text \<open>Pairing with \<open>\<alpha>\<close> (obtuseness) and with \<open>g\<close> (positivity) excludes both signs
  of the leftover coefficient.\<close>
lemma nonneg_comb_simple_eq_multiple:
  assumes \<alpha>: "\<alpha> \<in> simple_roots" and e: "\<forall>a\<in>simple_roots. 0 \<le> e a"
    and eq: "(\<Sum>a\<in>simple_roots. e a *\<^sub>R a) = k *\<^sub>R \<alpha>"
  shows "\<forall>a\<in>simple_roots - {\<alpha>}. e a = 0"
proof -
  let ?S = "simple_roots - {\<alpha>}"
  define v where "v = (\<Sum>a\<in>?S. e a *\<^sub>R a)"
  have v: "v = (k - e \<alpha>) *\<^sub>R \<alpha>"
    using eq sum.remove[OF finite_simple_roots \<alpha>, of "\<lambda>a. e a *\<^sub>R a"]
    unfolding v_def by (simp add: algebra_simps)
  have aa: "\<alpha> \<bullet> \<alpha> > 0" and ag: "\<alpha> \<bullet> g > 0"
    using simple_root_nonzero \<alpha> positive_inner_pos simple_roots_positive by auto
  have terms_nonneg: "\<forall>a\<in>?S. 0 \<le> e a * (a \<bullet> g)"
  proof
    fix a assume "a \<in> ?S"
    then have "0 \<le> e a" "0 < a \<bullet> g"
      using e positive_inner_pos simple_roots_positive by auto
    then show "0 \<le> e a * (a \<bullet> g)" by simp
  qed
  have "v \<bullet> \<alpha> = (\<Sum>a\<in>?S. e a * (a \<bullet> \<alpha>))"
    unfolding v_def by (simp add: inner_sum_left)
  also have "\<dots> \<le> 0"
    using e simple_roots_obtuse \<alpha> by (intro sum_nonpos) (auto intro!: mult_nonneg_nonpos)
  finally have "(k - e \<alpha>) * (\<alpha> \<bullet> \<alpha>) \<le> 0" unfolding v by simp
  have "(\<Sum>a\<in>?S. e a * (a \<bullet> g)) = v \<bullet> g"
    unfolding v_def by (simp add: inner_sum_left)
  also have "\<dots> = (k - e \<alpha>) * (\<alpha> \<bullet> g)"
    unfolding v by simp
  also have "\<dots> \<le> 0"
    using \<open>(k - e \<alpha>) * (\<alpha> \<bullet> \<alpha>) \<le> 0\<close> aa ag by (simp add: mult_le_0_iff)
  finally have "(\<Sum>a\<in>?S. e a * (a \<bullet> g)) = 0"
    using terms_nonneg by (meson order_antisym sum_nonneg)
  then have "\<forall>a\<in>?S. e a * (a \<bullet> g) = 0"
    using sum_nonneg_eq_0_iff[OF finite_Diff[OF finite_simple_roots], of "{\<alpha>}" "\<lambda>a. e a * (a \<bullet> g)"]
      terms_nonneg by auto
  then show ?thesis
    using positive_inner_pos simple_roots_positive by force
qed

lemma refl_simple_positive:
  assumes \<alpha>: "\<alpha> \<in> simple_roots" and \<beta>: "\<beta> \<in> Rp" and ne: "\<beta> \<noteq> \<alpha>"
  shows "refl_root \<alpha> \<beta> \<in> Rp"
proof (rule ccontr)
  assume "refl_root \<alpha> \<beta> \<notin> Rp"
  moreover have "refl_root \<alpha> \<beta> \<in> R"
    using refl_root_in_roots simple_root_in_roots \<alpha> \<beta> positive_subset_roots by auto
  ultimately have neg: "- refl_root \<alpha> \<beta> \<in> Rp" using root_positive_or_negative by auto
  obtain c where c: "\<forall>a\<in>simple_roots. 0 \<le> c a" "\<beta> = (\<Sum>a\<in>simple_roots. c a *\<^sub>R a)"
    using positive_nonneg_comb_simple[OF \<beta>] by auto
  obtain d where d: "\<forall>a\<in>simple_roots. 0 \<le> d a" "- refl_root \<alpha> \<beta> = (\<Sum>a\<in>simple_roots. d a *\<^sub>R a)"
    using positive_nonneg_comb_simple[OF neg] by auto
  have "(\<Sum>a\<in>simple_roots. (c a + d a) *\<^sub>R a) = \<beta> - refl_root \<alpha> \<beta>"
    by (simp add: scaleR_add_left sum.distrib flip: c(2) d(2))
  also have "\<dots> = (2 * (\<beta> \<bullet> \<alpha>) / (\<alpha> \<bullet> \<alpha>)) *\<^sub>R \<alpha>"
    unfolding refl_root_def by simp
  finally have "(\<Sum>a\<in>simple_roots. (c a + d a) *\<^sub>R a) = (2 * (\<beta> \<bullet> \<alpha>) / (\<alpha> \<bullet> \<alpha>)) *\<^sub>R \<alpha>" .
  moreover have "\<forall>a\<in>simple_roots. 0 \<le> c a + d a"
    using c(1) d(1) by simp
  ultimately have "\<forall>a\<in>simple_roots - {\<alpha>}. c a + d a = 0"
    using nonneg_comb_simple_eq_multiple[OF \<alpha>, of "\<lambda>a. c a + d a"] by blast
  then have "\<forall>a\<in>simple_roots - {\<alpha>}. c a = 0"
    using c(1) d(1) by (metis DiffD1 add_nonneg_eq_0_iff)
  then have "\<beta> = c \<alpha> *\<^sub>R \<alpha>"
    using c(2) sum.remove[OF finite_simple_roots \<alpha>, of "\<lambda>a. c a *\<^sub>R a"] by simp
  then have "c \<alpha> = 1 \<or> c \<alpha> = -1"
    using parallel_root simple_root_in_roots[OF \<alpha>] \<beta> positive_subset_roots by auto
  then show False
    using \<open>\<beta> = c \<alpha> *\<^sub>R \<alpha>\<close> ne \<beta> positive_uminus_not_positive \<alpha> simple_roots_positive by auto
qed

lemma bij_betw_refl_simple:
  assumes \<alpha>: "\<alpha> \<in> simple_roots"
  shows "bij_betw (refl_root \<alpha>) (Rp - {\<alpha>}) (Rp - {\<alpha>})"
proof -
  have nz: "\<alpha> \<noteq> 0" using simple_root_nonzero \<alpha> by auto
  have "refl_root \<alpha> \<beta> \<in> Rp - {\<alpha>}" if "\<beta> \<in> Rp - {\<alpha>}" for \<beta>
  proof -
    have "refl_root \<alpha> \<beta> \<noteq> \<alpha>"
      using that positive_uminus_not_positive \<alpha> simple_roots_positive
        refl_root_refl_root[OF nz, of \<beta>] refl_root_self[OF nz] by force
    then show ?thesis using refl_simple_positive \<alpha> that by auto
  qed
  then show ?thesis
    by (intro bij_betw_byWitness[where f'="refl_root \<alpha>"]) (use nz in auto)
qed

lemma refl_simple_sum_positive:
  assumes \<alpha>: "\<alpha> \<in> simple_roots"
  shows "refl_root \<alpha> (\<Sum>Rp) = (\<Sum>Rp) - 2 *\<^sub>R \<alpha>"
proof -
  have nz: "\<alpha> \<noteq> 0" and \<alpha>p: "\<alpha> \<in> Rp" using simple_root_nonzero simple_roots_positive \<alpha> by auto
  have "refl_root \<alpha> (\<Sum>Rp) = (\<Sum>a\<in>Rp. refl_root \<alpha> a)"
    using linear_sum[OF linear_refl_root] by (simp add: o_def)
  also have "\<dots> = refl_root \<alpha> \<alpha> + (\<Sum>a\<in>Rp - {\<alpha>}. refl_root \<alpha> a)"
    by (rule sum.remove[OF finite_positive \<alpha>p])
  also have "(\<Sum>a\<in>Rp - {\<alpha>}. refl_root \<alpha> a) = (\<Sum>a\<in>Rp - {\<alpha>}. a)"
    using sum.reindex_bij_betw[OF bij_betw_refl_simple[OF \<alpha>], of "\<lambda>a. a"] by simp
  also have "\<dots> = (\<Sum>Rp) - \<alpha>"
    using sum.remove[OF finite_positive \<alpha>p, of "\<lambda>a. a"] by simp
  finally show ?thesis using refl_root_self[OF nz] by (simp add: scaleR_2)
qed

lemma refl_simple_rho:
  assumes "\<alpha> \<in> simple_roots"
  shows "refl_root \<alpha> \<rho> = \<rho> - \<alpha>"
proof -
  have "refl_root \<alpha> ((1/2) *\<^sub>R (\<Sum>Rp)) = (1/2) *\<^sub>R refl_root \<alpha> (\<Sum>Rp)"
    by (rule linear_scale[OF linear_refl_root])
  then show ?thesis
    unfolding rho_def using refl_simple_sum_positive[OF assms] by (simp add: scaleR_diff_right)
qed

lemma rho_simple_coroot:
  assumes \<alpha>: "\<alpha> \<in> simple_roots"
  shows "2 * (\<rho> \<bullet> \<alpha>) / (\<alpha> \<bullet> \<alpha>) = 1"
proof -
  have "(2 * (\<rho> \<bullet> \<alpha>) / (\<alpha> \<bullet> \<alpha>)) *\<^sub>R \<alpha> = 1 *\<^sub>R \<alpha>"
    using refl_simple_rho[OF \<alpha>] unfolding refl_root_def by simp
  then show ?thesis using simple_root_nonzero[OF \<alpha>] by (metis scaleR_cancel_right)
qed

lemma inner_rho_simple_pos:
  assumes \<alpha>: "\<alpha> \<in> simple_roots"
  shows "\<rho> \<bullet> \<alpha> > 0"
proof -
  have "\<alpha> \<bullet> \<alpha> > 0" using simple_root_nonzero[OF \<alpha>] by simp
  moreover have "\<rho> \<bullet> \<alpha> = (\<alpha> \<bullet> \<alpha>) / 2"
    using rho_simple_coroot[OF \<alpha>] calculation by (simp add: field_simps)
  ultimately show ?thesis by linarith
qed

lemma inner_rho_positive:
  assumes \<beta>: "\<beta> \<in> Rp"
  shows "\<rho> \<bullet> \<beta> > 0"
proof -
  obtain c where c: "\<forall>a\<in>simple_roots. 0 \<le> c a" "\<beta> = (\<Sum>a\<in>simple_roots. c a *\<^sub>R a)"
    using positive_nonneg_comb_simple[OF \<beta>] by auto
  have "\<beta> \<noteq> 0" using \<beta> positive_subset_roots root_nonzero by auto
  then obtain a0 where a0: "a0 \<in> simple_roots" "c a0 > 0"
    using c by (metis (no_types, lifting) order_le_less scaleR_eq_0_iff sum.neutral)
  have "\<rho> \<bullet> \<beta> = (\<Sum>a\<in>simple_roots. c a * (\<rho> \<bullet> a))"
    using c by (simp add: inner_sum_right)
  also have "\<dots> > 0"
    using a0 c(1) inner_rho_simple_pos
    by (intro sum_pos2[OF finite_simple_roots a0(1)]) (auto intro: mult_nonneg_nonneg less_imp_le)
  finally show ?thesis .
qed

lemma positive_acute_simple:
  assumes \<beta>: "\<beta> \<in> Rp"
  shows "\<exists>\<alpha>\<in>simple_roots. \<beta> \<bullet> \<alpha> > 0"
proof (rule ccontr)
  assume "\<not> ?thesis"
  then have le: "\<forall>\<alpha>\<in>simple_roots. \<beta> \<bullet> \<alpha> \<le> 0" by auto
  obtain c where c: "\<forall>a\<in>simple_roots. 0 \<le> c a" "\<beta> = (\<Sum>a\<in>simple_roots. c a *\<^sub>R a)"
    using positive_nonneg_comb_simple[OF \<beta>] by auto
  have "\<beta> \<bullet> \<beta> = (\<Sum>a\<in>simple_roots. c a * (\<beta> \<bullet> a))"
    by (subst (2) c(2)) (simp add: inner_sum_right)
  also have "\<dots> \<le> 0" using c le by (intro sum_nonpos) (simp add: mult_nonneg_nonpos)
  finally have "\<beta> = 0" by (metis inner_ge_zero inner_eq_zero_iff order_antisym)
  then show False using \<beta> positive_subset_roots root_nonzero by auto
qed

lemma refl_word_simple_in_weyl: "set xs \<subseteq> simple_roots \<Longrightarrow> refl_word xs \<in> W"
  using refl_word_in_weyl simple_root_in_roots by blast

lemma positive_simple_conjugate:
  assumes "\<beta> \<in> Rp"
  shows "\<exists>xs \<alpha>. set xs \<subseteq> simple_roots \<and> \<alpha> \<in> simple_roots \<and> refl_word xs \<alpha> = \<beta>"
  using assms
proof (induction \<beta> rule: positive_induct)
  case (less \<beta>)
  show ?case
  proof (cases "\<beta> \<in> simple_roots")
    case True
    then show ?thesis by (intro exI[of _ "[]"] exI[of _ \<beta>]) auto
  next
    case False
    obtain \<alpha> where \<alpha>: "\<alpha> \<in> simple_roots" "\<beta> \<bullet> \<alpha> > 0"
      using positive_acute_simple[OF less.hyps] by auto
    have aa: "\<alpha> \<bullet> \<alpha> > 0" and ag: "\<alpha> \<bullet> g > 0"
      using \<alpha>(1) simple_root_nonzero positive_inner_pos simple_roots_positive by auto
    have "\<beta> \<noteq> \<alpha>" using \<alpha> False by auto
    then have \<gamma>: "refl_root \<alpha> \<beta> \<in> Rp" using refl_simple_positive \<alpha> less.hyps by auto
    have "refl_root \<alpha> \<beta> \<bullet> g = \<beta> \<bullet> g - (2 * (\<beta> \<bullet> \<alpha>) / (\<alpha> \<bullet> \<alpha>)) * (\<alpha> \<bullet> g)"
      unfolding refl_root_def by (simp add: inner_diff_left)
    also have "\<dots> < \<beta> \<bullet> g"
      using \<alpha>(2) aa ag by simp
    finally obtain xs \<alpha>' where xs: "set xs \<subseteq> simple_roots" "\<alpha>' \<in> simple_roots"
        "refl_word xs \<alpha>' = refl_root \<alpha> \<beta>"
      using less.IH \<gamma> by blast
    then have "refl_word (\<alpha> # xs) \<alpha>' = \<beta>"
      using simple_root_nonzero[OF \<alpha>(1)] by simp
    then show ?thesis using xs \<alpha> by (intro exI[of _ "\<alpha> # xs"] exI[of _ \<alpha>']) auto
  qed
qed

text \<open>Every positive root is \<open>u \<alpha>\<close> with \<open>\<alpha>\<close> simple, and then its reflection is
  \<open>u s\<^sub>\<alpha> u\<inverse>\<close>; negative roots give the same reflections.\<close>
lemma refl_root_eq_refl_word:
  assumes \<beta>: "\<beta> \<in> R"
  shows "\<exists>xs. set xs \<subseteq> simple_roots \<and> refl_root \<beta> = refl_word xs"
proof -
  have "\<exists>xs. set xs \<subseteq> simple_roots \<and> refl_root \<beta>' = refl_word xs" if \<beta>': "\<beta>' \<in> Rp" for \<beta>'
  proof -
    obtain ys \<alpha> where ys: "set ys \<subseteq> simple_roots" "\<alpha> \<in> simple_roots" "refl_word ys \<alpha> = \<beta>'"
      using positive_simple_conjugate[OF \<beta>'] by auto
    have nz: "0 \<notin> set (rev ys)" using ys(1) simple_root_nonzero by auto
    have "refl_word (ys @ [\<alpha>] @ rev ys) x = refl_root \<beta>' x" for x
    proof -
      have "refl_word (ys @ [\<alpha>] @ rev ys) x = refl_word ys (refl_root \<alpha> (refl_word (rev ys) x))"
        by (simp add: refl_word_append)
      also have "\<dots> = refl_root \<beta>' (refl_word ys (refl_word (rev ys) x))"
        using weyl_refl_root_conj[OF refl_word_simple_in_weyl[OF ys(1)]] ys(3) by simp
      also have "\<dots> = refl_root \<beta>' x"
        using refl_word_rev[OF nz, of x] by simp
      finally show ?thesis .
    qed
    then show ?thesis using ys by (intro exI[of _ "ys @ [\<alpha>] @ rev ys"]) auto
  qed
  then show ?thesis
    using root_positive_or_negative[OF \<beta>] refl_root_uminus[of \<beta>] by (metis minus_minus)
qed

lemma weyl_eq_refl_word: "w \<in> W \<Longrightarrow> \<exists>xs. set xs \<subseteq> simple_roots \<and> w = refl_word xs"
proof (induction rule: weyl_group.induct)
  case weyl_id
  show ?case by (intro exI[of _ "[]"]) auto
next
  case (weyl_step w a)
  then obtain xs ys where "set xs \<subseteq> simple_roots" "w = refl_word xs"
      "set ys \<subseteq> simple_roots" "refl_root a = refl_word ys"
    using refl_root_eq_refl_word by metis
  then show ?case by (intro exI[of _ "ys @ xs"]) (auto simp: refl_word_append)
qed
lemma grad_ln_lipschitz:
  fixes p :: "real^'d::finite \<Rightarrow> real"
  assumes sm: "smooth_fun p" and pos: "\<forall>y. p y > 0" and per: "periodic p"
  obtains L where "L-lipschitz_on UNIV (grad (\<lambda>y. ln (p y)))"
proof -
  have "\<exists>L. L-lipschitz_on UNIV (\<lambda>x. partial i p x / p x)" for i
  proof -
    let ?q = "partial i p" and ?h = "\<lambda>x. partial i p x / p x"
    have qp: "?q \<in> iter_partials p" "\<And>j. partial j ?q \<in> iter_partials p"
      "\<And>j. partial j p \<in> iter_partials p"
      by (auto intro: iter_partials.intros)
    have dp: "\<And>x. p differentiable (at x)" and dq: "\<And>x. ?q differentiable (at x)"
      using smooth_fun_differentiable[OF sm iter_partials.base] smooth_fun_differentiable[OF sm qp(1)]
      by auto
    have p0: "p x \<noteq> 0" for x using pos by (metis less_irrefl)
    have h_deriv: "(?h has_derivative (\<lambda>v. (frechet_derivative ?q (at x) v * p x
        - ?q x * frechet_derivative p (at x) v) / (p x * p x))) (at x)" for x
      using has_derivative_divide'[OF dq[of x, unfolded frechet_derivative_works]
          dp[of x, unfolded frechet_derivative_works]] p0 by simp
    then have dh: "\<And>x. ?h differentiable (at x)" using differentiable_def by blast
    have "partial j ?h x = (partial j ?q x * p x - ?q x * partial j p x) / (p x * p x)" for j x
      using frechet_derivative_at[OF h_deriv[of x], symmetric] by (simp add: partial_def)
    then have "partial j ?h = (\<lambda>x. (partial j ?q x * p x - ?q x * partial j p x) / (p x * p x))"
      for j by blast
    moreover have "continuous_on UNIV
        (\<lambda>x. (partial j ?q x * p x - ?q x * partial j p x) / (p x * p x))" for j
      using smooth_fun_continuous_on[OF sm] qp iter_partials.base p0
      by (intro continuous_intros) auto
    ultimately have "continuous_on UNIV (partial j ?h)" for j by simp
    moreover have "periodic ?h"
      using periodic_partial[OF dp per, of i] per unfolding periodic_def by simp
    ultimately show ?thesis
      using lipschitz_of_continuous_periodic_partials[OF dh] periodic_partial[OF dh] by metis
  qed
  then obtain L where "\<And>i. (L i)-lipschitz_on UNIV (\<lambda>x. partial i p x / p x)" by metis
  moreover have "grad (\<lambda>y. ln (p y)) x $ i = partial i p x / p x" for x i
    using grad_ln_component smooth_fun_differentiable[OF sm iter_partials.base] pos by blast
  ultimately have "\<And>i. (L i)-lipschitz_on UNIV (\<lambda>x. grad (\<lambda>y. ln (p y)) x $ i)" by simp
  then show ?thesis by (rule that[OF lipschitz_on_vec_lambda])
qed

--

■ **Exercise directions**
Every line in the records above that holds "UNIV" counts once; state the total and nothing else.

■ **Output for this task**
6